ROC also aims to fundamentally shift the power structures that allow the inequities to exist in the first place. “In the long run, it’s really about having a powerful voice of restaurant workers that can counterbalance the power of the National Restaurant Association,” said Jayaraman. “Because these two issues, low wages and lack of paid sick days, are symptoms of the bigger problem of an imbalance of power between this huge powerful industry lobby and restaurant workers. The long-term vision is an industry where workers have an equal voice to employers, have dignity and respect on the job, and have the ability to move up to livable wage jobs regardless of the color of their skin or their gender.”

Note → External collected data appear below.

(* Let $q$ be a prime power, $6\le n\le q$, $\alpha_1,\dots,\alpha_n\in\mathbb{F}_q$ distinct, $u_1,\dots,u_n\in\mathbb{F}_q^*$, and $H\in\mathbb{F}_q^{5\times n}$ with $H_{ab}=u_b\alpha_b^{a-1}$ (so $\ker H$ has distance $6$). Then the number of $e\in\mathbb{F}_q^n$ with $|e|=3$ for which there exists $e'\in\mathbb{F}_q^n$, $e'\ne e$, $|e'|\le 3$, $He'=He$, is at most $$\frac{(n-3)(n-4)(n-5)}{6(q-1)^2}\cdot(q-1)^3\binom{n}{3}.$$
   Context: $|e|$ denotes the Hamming weight of $e\in\mathbb{F}_q^n$. *)

theory Defs
  imports Complex_Main "HOL-Library.Cardinality"
begin

definition vecs :: "nat \<Rightarrow> (nat \<Rightarrow> 'a::zero) set" where
  "vecs n = {e. \<forall>i. n \<le> i \<longrightarrow> e i = 0}"

definition hamming_weight :: "nat \<Rightarrow> (nat \<Rightarrow> 'a::zero) \<Rightarrow> nat" where
  "hamming_weight n e = card {i \<in> {0..<n}. e i \<noteq> 0}"

text \<open>Parity-check matrix H with H_{ab} = u_b alpha_b^(a-1), a = 1..5, b = 1..n;
  here rows and columns are 0-indexed, so row a (a < 5) has entries u b * alpha b ^ a.\<close>
definition gen_rs_H :: "nat \<Rightarrow> (nat \<Rightarrow> 'a::field) \<Rightarrow> (nat \<Rightarrow> 'a) \<Rightarrow> nat \<Rightarrow> nat \<Rightarrow> 'a" where
  "gen_rs_H n alpha u a b = u b * alpha b ^ a"

definition syndrome :: "nat \<Rightarrow> (nat \<Rightarrow> 'a::field) \<Rightarrow> (nat \<Rightarrow> 'a) \<Rightarrow> (nat \<Rightarrow> 'a) \<Rightarrow> nat \<Rightarrow> 'a" where
  "syndrome n alpha u e a = (if a < 5 then (\<Sum>b<n. gen_rs_H n alpha u a b * e b) else 0)"

end

theory Submission
  imports Defs "HOL-Computational_Algebra.Polynomial"
begin

text \<open>Any five columns of the parity-check matrix form an invertible Vandermonde-type matrix,
  so two distinct vectors of weight at most 3 with equal syndromes have disjoint supports of size 3.
  A weight-3 vector e with such a partner e' is then determined by the two supports and the
  single value of e at the least index of its support: two candidates with the same data differ,
  after subtracting their partners, in at most 5 positions with zero syndrome difference.
  Counting the data gives C(n,3) C(n-3,3) (q-1), and 6 C(n-3,3) = (n-3)(n-4)(n-5).\<close>

lemma vandermonde_combination_zero:
  fixes alpha w :: "'b \<Rightarrow> 'a::field"
  assumes inj: "inj_on alpha F" and fin: "finite F" and card_F: "card F \<le> k"
    and sums: "\<forall>a<k. (\<Sum>b\<in>F. w b * alpha b ^ a) = 0"
    and j: "j \<in> F"
  shows "w j = 0"
proof -
  define p where "p = (\<Prod>l\<in>F-{j}. [:- alpha l, 1:])"
  have "degree p \<le> card (F-{j})"
    using degree_prod_sum_le[of "F-{j}" "\<lambda>l. [:- alpha l, 1:]"] fin by (simp add: p_def o_def)
  also have "\<dots> < k" using card_F j fin card_gt_0_iff[of F] by (auto simp: card_Diff_singleton)
  finally have deg_p: "degree p < k" .
  have poly_p: "poly p x = (\<Prod>l\<in>F-{j}. x - alpha l)" for x
    unfolding p_def by (simp add: poly_prod)
  have "(\<Sum>b\<in>F. w b * poly p (alpha b))
      = (\<Sum>i\<le>degree p. coeff p i * (\<Sum>b\<in>F. w b * alpha b ^ i))"
    by (simp add: poly_altdef sum_distrib_left sum.swap[of _ F] algebra_simps)
  also have "\<dots> = 0" using sums deg_p by simp
  finally have "(\<Sum>b\<in>F. w b * poly p (alpha b)) = 0" .
  moreover have "(\<Sum>b\<in>F. w b * poly p (alpha b)) = w j * poly p (alpha j)"
    using fin j by (subst sum.mono_neutral_right[of F "{j}"]) (auto simp: poly_p intro: prod_zero)
  moreover have "poly p (alpha j) \<noteq> 0"
    using inj j fin by (auto simp: poly_p inj_on_def)
  ultimately show ?thesis by simp
qed

lemma syndrome_diff:
  "syndrome n alpha u (\<lambda>i. e i - e' i) = (\<lambda>a. syndrome n alpha u e a - syndrome n alpha u e' a)"
  by (auto simp: syndrome_def right_diff_distrib sum_subtractf)

lemma syndrome_eq_imp_eq:
  fixes alpha u e e' :: "nat \<Rightarrow> 'a::field"
  assumes inj: "inj_on alpha {0..<n}" and u: "\<forall>i<n. u i \<noteq> 0"
    and F: "F \<subseteq> {0..<n}" "card F \<le> 5"
    and agree: "\<forall>i. i \<notin> F \<longrightarrow> e i = e' i"
    and syn: "syndrome n alpha u e = syndrome n alpha u e'"
  shows "e = e'"
proof
  fix i
  show "e i = e' i"
  proof (cases "i \<in> F")
    case True
    have fin: "finite F" using F(1) finite_subset by blast
    have "\<forall>a<5. (\<Sum>b\<in>F. (u b * (e b - e' b)) * alpha b ^ a) = 0"
    proof (intro allI impI)
      fix a :: nat assume "a < 5"
      have "(\<Sum>b\<in>F. (u b * (e b - e' b)) * alpha b ^ a)
          = syndrome n alpha u (\<lambda>i. e i - e' i) a"
        using \<open>a < 5\<close> F(1) agree
        by (auto simp: syndrome_def gen_rs_H_def mult_ac intro!: sum.mono_neutral_cong_left)
      then show "(\<Sum>b\<in>F. (u b * (e b - e' b)) * alpha b ^ a) = 0"
        by (simp add: syndrome_diff syn)
    qed
    then have "u i * (e i - e' i) = 0"
      by (rule vandermonde_combination_zero[OF inj_on_subset[OF inj F(1)] fin F(2) _ True])
    then show ?thesis using u True F(1) by auto
  qed (use agree in auto)
qed

definition support :: "nat \<Rightarrow> (nat \<Rightarrow> 'a::zero) \<Rightarrow> nat set" where
  "support n e = {i \<in> {0..<n}. e i \<noteq> 0}"

lemma support_subset: "support n e \<subseteq> {0..<n}"
  by (auto simp: support_def)

lemma finite_support: "finite (support n e)"
  using support_subset finite_subset by blast

lemma hamming_weight_eq_card_support: "hamming_weight n e = card (support n e)"
  by (simp add: hamming_weight_def support_def)

lemma vecs_zero_outside_support: "e \<in> vecs n \<Longrightarrow> i \<notin> support n e \<Longrightarrow> e i = 0"
  by (cases "i < n") (auto simp: vecs_def support_def)

definition confusable :: "nat \<Rightarrow> (nat \<Rightarrow> 'a::field) \<Rightarrow> (nat \<Rightarrow> 'a) \<Rightarrow> (nat \<Rightarrow> 'a) \<Rightarrow> (nat \<Rightarrow> 'a) \<Rightarrow> bool"
  where "confusable n alpha u e e' \<longleftrightarrow> e' \<in> vecs n \<and> e' \<noteq> e \<and> hamming_weight n e' \<le> 3 \<and>
    syndrome n alpha u e' = syndrome n alpha u e"

lemma confusable_support:
  fixes alpha u e e' :: "nat \<Rightarrow> 'a::field"
  assumes inj: "inj_on alpha {0..<n}" and u: "\<forall>i<n. u i \<noteq> 0"
    and e: "e \<in> vecs n" "hamming_weight n e = 3"
    and conf: "confusable n alpha u e e'"
  shows "support n e \<inter> support n e' = {}" "card (support n e') = 3"
proof -
  let ?S = "support n e" and ?T = "support n e'"
  have "\<not> card (?S \<union> ?T) \<le> 5"
  proof
    assume "card (?S \<union> ?T) \<le> 5"
    moreover have "\<forall>i. i \<notin> ?S \<union> ?T \<longrightarrow> e i = e' i"
      using vecs_zero_outside_support[OF e(1)] vecs_zero_outside_support[of e' n] conf
      by (auto simp: confusable_def)
    ultimately have "e = e'"
      using syndrome_eq_imp_eq[OF inj u, of "?S \<union> ?T" e e'] support_subset conf
      by (auto simp: confusable_def)
    then show False using conf by (simp add: confusable_def)
  qed
  moreover have "card ?S = 3" "card ?T \<le> 3"
    using e(2) conf by (auto simp: hamming_weight_eq_card_support confusable_def)
  moreover have "card ?S + card ?T = card (?S \<union> ?T) + card (?S \<inter> ?T)"
    by (rule card_Un_Int) (rule finite_support)+
  ultimately have "card (?S \<inter> ?T) = 0" "card ?T = 3" by linarith+
  then show "?S \<inter> ?T = {}" "card ?T = 3"
    using finite_support[of n e] by auto
qed

lemma confusable_eqI:
  fixes alpha u e1 e2 e1' e2' :: "nat \<Rightarrow> 'a::field"
  assumes inj: "inj_on alpha {0..<n}" and u: "\<forall>i<n. u i \<noteq> 0"
    and e1: "e1 \<in> vecs n" "hamming_weight n e1 = 3" "confusable n alpha u e1 e1'"
    and e2: "e2 \<in> vecs n" "hamming_weight n e2 = 3" "confusable n alpha u e2 e2'"
    and same_supports: "support n e2 = support n e1" "support n e2' = support n e1'"
    and m: "m \<in> support n e1" "e1 m = e2 m"
  shows "e1 = e2"
proof -
  let ?S = "support n e1" and ?T = "support n e1'"
  have v': "e1' \<in> vecs n" "e2' \<in> vecs n" using e1(3) e2(3) by (auto simp: confusable_def)
  note zero = vecs_zero_outside_support
  have disj: "?S \<inter> ?T = {}" and card_T: "card ?T = 3"
    using confusable_support[OF inj u e1] by auto
  have partners_vanish: "e1' i = 0" "e2' i = 0" if "i \<in> ?S" for i
    using that disj same_supports zero[OF v'(1)] zero[OF v'(2)] by auto
  have "(\<lambda>i. e1 i - e1' i) = (\<lambda>i. e2 i - e2' i)"
  proof (rule syndrome_eq_imp_eq[OF inj u, where F = "(?S \<union> ?T) - {m}"])
    show "(?S \<union> ?T) - {m} \<subseteq> {0..<n}" using support_subset by blast
    have "card (?S \<union> ?T) \<le> 6"
      using card_Un_le[of ?S ?T] card_T e1(2) by (simp add: hamming_weight_eq_card_support)
    then show "card ((?S \<union> ?T) - {m}) \<le> 5"
      using m(1) finite_support by (simp add: card_Diff_singleton)
    show "\<forall>i. i \<notin> (?S \<union> ?T) - {m} \<longrightarrow> e1 i - e1' i = e2 i - e2' i"
      using m partners_vanish same_supports zero[OF e1(1)] zero[OF e2(1)] zero[OF v'(1)] zero[OF v'(2)]
      by (metis DiffI UnCI singletonD)
    show "syndrome n alpha u (\<lambda>i. e1 i - e1' i) = syndrome n alpha u (\<lambda>i. e2 i - e2' i)"
      using e1(3) e2(3) by (simp add: syndrome_diff confusable_def)
  qed
  then have "e1 i = e2 i" if "i \<in> ?S" for i
    using partners_vanish[OF that] by (metis diff_zero)
  moreover have "e1 i = e2 i" if "i \<notin> ?S" for i
    using that same_supports zero[OF e1(1)] zero[OF e2(1)] by metis
  ultimately show "e1 = e2" by blast
qed

lemma six_times_choose_three: "6 * (m choose 3) = m * (m - 1) * (m - 2)"
proof -
  have "3 * (m choose 3) = m * ((m - 1) choose 2)"
    using times_binomial_minus1_eq[of 3 m] by simp
  moreover have "2 * ((m - 1) choose 2) = (m - 1) * (m - 2)"
    using times_binomial_minus1_eq[of 2 "m - 1"] by (simp add: numeral_2_eq_2)
  ultimately show ?thesis by (metis mult.assoc mult.left_commute mult_2 numeral_Bit0)
qed

lemma card_disjoint_subset_pairs:
  assumes "finite A"
  shows "card {(S, T). S \<subseteq> A \<and> card S = k \<and> T \<subseteq> A - S \<and> card T = l}
    = (card A choose k) * ((card A - k) choose l)"
proof -
  have "{(S, T). S \<subseteq> A \<and> card S = k \<and> T \<subseteq> A - S \<and> card T = l}
      = Sigma {S. S \<subseteq> A \<and> card S = k} (\<lambda>S. {T. T \<subseteq> A - S \<and> card T = l})"
    by auto
  also have "card \<dots> = (\<Sum>S | S \<subseteq> A \<and> card S = k. (card A - k) choose l)"
  proof (subst card_SigmaI)
    show "(\<Sum>S | S \<subseteq> A \<and> card S = k. card {T. T \<subseteq> A - S \<and> card T = l})
        = (\<Sum>S | S \<subseteq> A \<and> card S = k. (card A - k) choose l)"
      using assms by (intro sum.cong) (auto simp: n_subsets card_Diff_subset finite_subset)
  qed (use assms in auto)
  also have "\<dots> = (card A choose k) * ((card A - k) choose l)"
    using assms by (simp add: n_subsets)
  finally show ?thesis .
qed

lemma card_nonzero: "card {x::'a::{finite,zero}. x \<noteq> 0} = CARD('a) - 1"
proof -
  have "{x::'a. x \<noteq> 0} = UNIV - {0}" by auto
  then show ?thesis by (simp add: card_Diff_singleton)
qed

lemma card_confusable_le:
  fixes alpha u :: "nat \<Rightarrow> 'a::{finite,field}"
  assumes inj: "inj_on alpha {0..<n}" and u: "\<forall>i<n. u i \<noteq> 0"
  shows "card {e \<in> vecs n. hamming_weight n e = 3 \<and> (\<exists>e'. confusable n alpha u e e')}
    \<le> (n choose 3) * ((n - 3) choose 3) * (CARD('a) - 1)"
proof -
  let ?A = "{e \<in> vecs n. hamming_weight n e = 3 \<and> (\<exists>e'. confusable n alpha u e e')}"
  let ?pairs = "{(S, T). S \<subseteq> {0..<n} \<and> card S = 3 \<and> T \<subseteq> {0..<n} - S \<and> card T = 3}"
  define partner where "partner e = (SOME e'. confusable n alpha u e e')" for e
  define code where "code e = ((support n e, support n (partner e)), e (Min (support n e)))" for e
  have partner: "confusable n alpha u e (partner e)" if "e \<in> ?A" for e
  proof -
    obtain e' where "confusable n alpha u e e'" using \<open>e \<in> ?A\<close> by blast
    then show ?thesis unfolding partner_def by (rule someI[of "confusable n alpha u e"])
  qed
  have min_in: "Min (support n e) \<in> support n e" if "e \<in> ?A" for e
  proof (rule Min_in[OF finite_support])
    show "support n e \<noteq> {}" using that by (auto simp: hamming_weight_eq_card_support)
  qed
  have "inj_on code ?A"
  proof (rule inj_onI)
    fix e1 e2 assume "e1 \<in> ?A" "e2 \<in> ?A" "code e1 = code e2"
    then show "e1 = e2"
      using confusable_eqI[OF inj u, of e1 "partner e1" e2 "partner e2" "Min (support n e1)"]
        partner min_in by (auto simp: code_def)
  qed
  moreover have "code ` ?A \<subseteq> ?pairs \<times> {x. x \<noteq> 0}"
  proof
    fix c assume "c \<in> code ` ?A"
    then obtain e where e: "e \<in> ?A" and c: "c = code e" by blast
    have "e (Min (support n e)) \<noteq> 0" using min_in[OF e] by (simp add: support_def)
    then show "c \<in> ?pairs \<times> {x. x \<noteq> 0}"
      using confusable_support[OF inj u _ _ partner[OF e]] e support_subset[of n]
      by (auto simp: c code_def hamming_weight_eq_card_support)
  qed
  moreover have "finite (?pairs \<times> {x::'a. x \<noteq> 0})"
  proof (rule finite_cartesian_product)
    show "finite ?pairs" by (rule finite_subset[of _ "Pow {0..<n} \<times> Pow {0..<n}"]) auto
  qed simp
  ultimately have "card ?A \<le> card (?pairs \<times> {x::'a. x \<noteq> 0})"
    by (rule card_inj_on_le)
  also have "\<dots> = (n choose 3) * ((n - 3) choose 3) * (CARD('a) - 1)"
    using card_disjoint_subset_pairs[of "{0..<n}" 3 3] by (simp add: card_cartesian_product card_nonzero)
  finally show ?thesis .
qed

lemma choose_bound_eq:
  assumes "1 < q"
  shows "real ((n choose 3) * ((n - 3) choose 3) * (q - 1))
    = real ((n - 3) * (n - 4) * (n - 5)) / (6 * (real q - 1)^2) * (real q - 1)^3 * real (n choose 3)"
proof -
  define x where "x = real q - 1"
  have "6 * ((n - 3) choose 3) = (n - 3) * (n - 4) * (n - 5)"
    using six_times_choose_three[of "n - 3"] by (simp add: diff_diff_add)
  then have six: "real ((n - 3) * (n - 4) * (n - 5)) = 6 * real ((n - 3) choose 3)"
    by (metis of_nat_mult of_nat_numeral)
  have "real (q - 1) = x" "x \<noteq> 0"
    using assms by (auto simp: x_def of_nat_diff)
  then show ?thesis
    unfolding six x_def[symmetric] by (simp add: power2_eq_square power3_eq_cube)
qed

theorem mainTheorem11:
  fixes alpha u :: "nat \<Rightarrow> 'a::{finite,field}" and n :: nat
  assumes "6 \<le> n" and "n \<le> CARD('a)"
    and "inj_on alpha {0..<n}"
    and "\<forall>i<n. u i \<noteq> 0"
  shows "real (card {e \<in> vecs n. hamming_weight n e = 3 \<and>
            (\<exists>e' \<in> vecs n. e' \<noteq> e \<and> hamming_weight n e' \<le> 3 \<and>
               syndrome n alpha u e' = syndrome n alpha u e)})
         \<le> (real ((n - 3) * (n - 4) * (n - 5)) / (6 * (real CARD('a) - 1)^2))
            * (real CARD('a) - 1)^3 * real (n choose 3)"
proof -
  have "{e \<in> vecs n. hamming_weight n e = 3 \<and>
            (\<exists>e' \<in> vecs n. e' \<noteq> e \<and> hamming_weight n e' \<le> 3 \<and>
               syndrome n alpha u e' = syndrome n alpha u e)}
      = {e \<in> vecs n. hamming_weight n e = 3 \<and> (\<exists>e'. confusable n alpha u e e')}"
    by (auto simp: confusable_def)
  moreover have "1 < CARD('a)" using assms(1,2) by simp
  ultimately show ?thesis
    using card_confusable_le[OF assms(3,4)] by (simp only: choose_bound_eq[symmetric] of_nat_le_iff)
qed

end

In order to shift this power, ROC says, consumers must join forces with workers.Throughout the country, ROC is helping restaurant diners understand the reality behind their meals. “Say you’re a waitress at an IHOP in Texas, and you’re working a graveyard shift,” Jayaraman said. “Maybe sometimes you get tips, maybe sometimes you don’t. Which means you may be earning $2.13 per hour, the federal minimum wage for tipped workers.

“That means maybe sometimes you can pay the rent, maybe sometimes you can’t. And 70% of the people earning this wage are women. They’re not these wealthy steakhouse servers you might think about in a large urban city. They’re women with children working at Denny’s, Applebee’s, Olive Garden. And a lot of times they struggle to put food on the table. The people who put food on our tables cannot afford to feed themselves.

“It’s super important for us to expand the definition of sustainability and sustainable food,” she said. “Sustainability has to include taking care of everybody who is a part of the food system, who picks, plants, processes, prepares it, and the people who consume it. We all need to be connected and understand our interconnectivity.”

Jayaraman has just published a book Behind the Kitchen Door, which follows the lives of more than a dozen restaurant workers. The book exposes conditions in the industry, such as the facts that 90% of restaurant workers don’t have paid sick leave, restaurant jobs make up seven of the 10 lowest paying occupations in the US, and restaurant workers are twice as likely as the rest of the workforce to be on food stamps.